## Source data:
------------------------------------
text \<open>Mass distribution principle in counting form: the uniform mass on the limit set gives
  each surviving level-L cell mass M^-L, so the cells met by a finite cover carry total mass at least 1.\<close>

lemma survivors_cover_mass:
  fixes V :: "'k \<Rightarrow> (real \<times> real) set" and lev :: "'k \<Rightarrow> nat"
  assumes F: "finite F" and cover: "limit_set \<subseteq> (\<Union>k\<in>F. V k)"
  defines "S k \<equiv> {P \<in> survivors (lev k). cell N (lev k) P \<inter> V k \<noteq> {}}"
  shows "1 \<le> (\<Sum>k\<in>F. real (card (S k)) / real M ^ lev k)"
proof -
  have "F \<noteq> {}" using cover limit_set_nonempty by auto
  define top where "top = Max (lev ` F)"
  have lev_top: "lev k \<le> top" if "k \<in> F" for k unfolding top_def using F that by simp
  define D where "D k P = {Q \<in> survivors (lev k + (top - lev k)). ancestor N (top - lev k) Q = P}" for k P
  have fin_S: "finite (S k)" for k using finite_survivors[of "lev k"] unfolding S_def by simp
  have fin_D: "finite (D k P)" for k P using finite_survivors unfolding D_def by simp
  have covers_top: "survivors top \<subseteq> (\<Union>k\<in>F. \<Union>P\<in>S k. D k P)"
  proof
    fix Q assume Q: "Q \<in> survivors top"
    obtain \<gamma> where \<gamma>: "\<gamma> \<in> limit_set" "\<gamma> \<in> cell N top Q" using limit_point_in_cell[OF Q] by blast
    obtain k where k: "k \<in> F" "\<gamma> \<in> V k" using cover \<gamma>(1) by blast
    have top_eq: "top = lev k + (top - lev k)" using lev_top[OF k(1)] by simp
    have "Q \<in> survivors (lev k + (top - lev k))" using Q top_eq by simp
    hence "ancestor N (top - lev k) Q \<in> survivors (lev k)" "Q \<in> D k (ancestor N (top - lev k) Q)"
      using survivor_ancestor unfolding D_def by auto
    moreover have "\<gamma> \<in> cell N (lev k) (ancestor N (top - lev k) Q)"
      using \<gamma>(2) cell_ancestor_subset[of N "lev k" "top - lev k" Q] N_ge_2 top_eq by auto
    ultimately show "Q \<in> (\<Union>k\<in>F. \<Union>P\<in>S k. D k P)" using k unfolding S_def by blast
  qed
  have "M ^ top \<le> card (\<Union>k\<in>F. \<Union>P\<in>S k. D k P)"
    unfolding card_survivors[symmetric] using F fin_S fin_D by (intro card_mono[OF _ covers_top]) auto
  also have "\<dots> \<le> (\<Sum>k\<in>F. \<Sum>P\<in>S k. card (D k P))"
    using F fin_S by (intro order_trans[OF card_UN_le] sum_mono card_UN_le) auto
  also have "\<dots> \<le> (\<Sum>k\<in>F. card (S k) * M ^ (top - lev k))"
  proof (intro sum_mono)
    fix k
    have "(\<Sum>P\<in>S k. card (D k P)) \<le> (\<Sum>P\<in>S k. M ^ (top - lev k))"
      unfolding D_def by (intro sum_mono card_descendants)
    thus "(\<Sum>P\<in>S k. card (D k P)) \<le> card (S k) * M ^ (top - lev k)" by simp
  qed
  finally have "real (M ^ top) \<le> real (\<Sum>k\<in>F. card (S k) * M ^ (top - lev k))"
    by (simp only: of_nat_le_iff)
  hence "real M ^ top * 1 \<le> (\<Sum>k\<in>F. real (card (S k)) * real M ^ (top - lev k))"
    by (simp only: of_nat_sum of_nat_mult of_nat_power mult_1_right)
  also have "\<dots> = real M ^ top * (\<Sum>k\<in>F. real (card (S k)) / real M ^ lev k)"
    unfolding sum_distrib_left using M_pos lev_top by (intro sum.cong refl) (simp add: power_diff)
  finally show ?thesis using M_pos by (simp only: mult_le_cancel_left_pos zero_less_power of_nat_0_less_iff)
qed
------------------------------------
## What needs to be done:
Lines from the start of the entries through the one containing "top_eq by simp" are to be set down again exactly, both ends included.

## Response to the exercise:
text \<open>Mass distribution principle in counting form: the uniform mass on the limit set gives
  each surviving level-L cell mass M^-L, so the cells met by a finite cover carry total mass at least 1.\<close>

lemma survivors_cover_mass:
  fixes V :: "'k \<Rightarrow> (real \<times> real) set" and lev :: "'k \<Rightarrow> nat"
  assumes F: "finite F" and cover: "limit_set \<subseteq> (\<Union>k\<in>F. V k)"
  defines "S k \<equiv> {P \<in> survivors (lev k). cell N (lev k) P \<inter> V k \<noteq> {}}"
  shows "1 \<le> (\<Sum>k\<in>F. real (card (S k)) / real M ^ lev k)"
proof -
  have "F \<noteq> {}" using cover limit_set_nonempty by auto
  define top where "top = Max (lev ` F)"
  have lev_top: "lev k \<le> top" if "k \<in> F" for k unfolding top_def using F that by simp
  define D where "D k P = {Q \<in> survivors (lev k + (top - lev k)). ancestor N (top - lev k) Q = P}" for k P
  have fin_S: "finite (S k)" for k using finite_survivors[of "lev k"] unfolding S_def by simp
  have fin_D: "finite (D k P)" for k P using finite_survivors unfolding D_def by simp
  have covers_top: "survivors top \<subseteq> (\<Union>k\<in>F. \<Union>P\<in>S k. D k P)"
  proof
    fix Q assume Q: "Q \<in> survivors top"
    obtain \<gamma> where \<gamma>: "\<gamma> \<in> limit_set" "\<gamma> \<in> cell N top Q" using limit_point_in_cell[OF Q] by blast
    obtain k where k: "k \<in> F" "\<gamma> \<in> V k" using cover \<gamma>(1) by blast
    have top_eq: "top = lev k + (top - lev k)" using lev_top[OF k(1)] by simp
    have "Q \<in> survivors (lev k + (top - lev k))" using Q top_eq by simp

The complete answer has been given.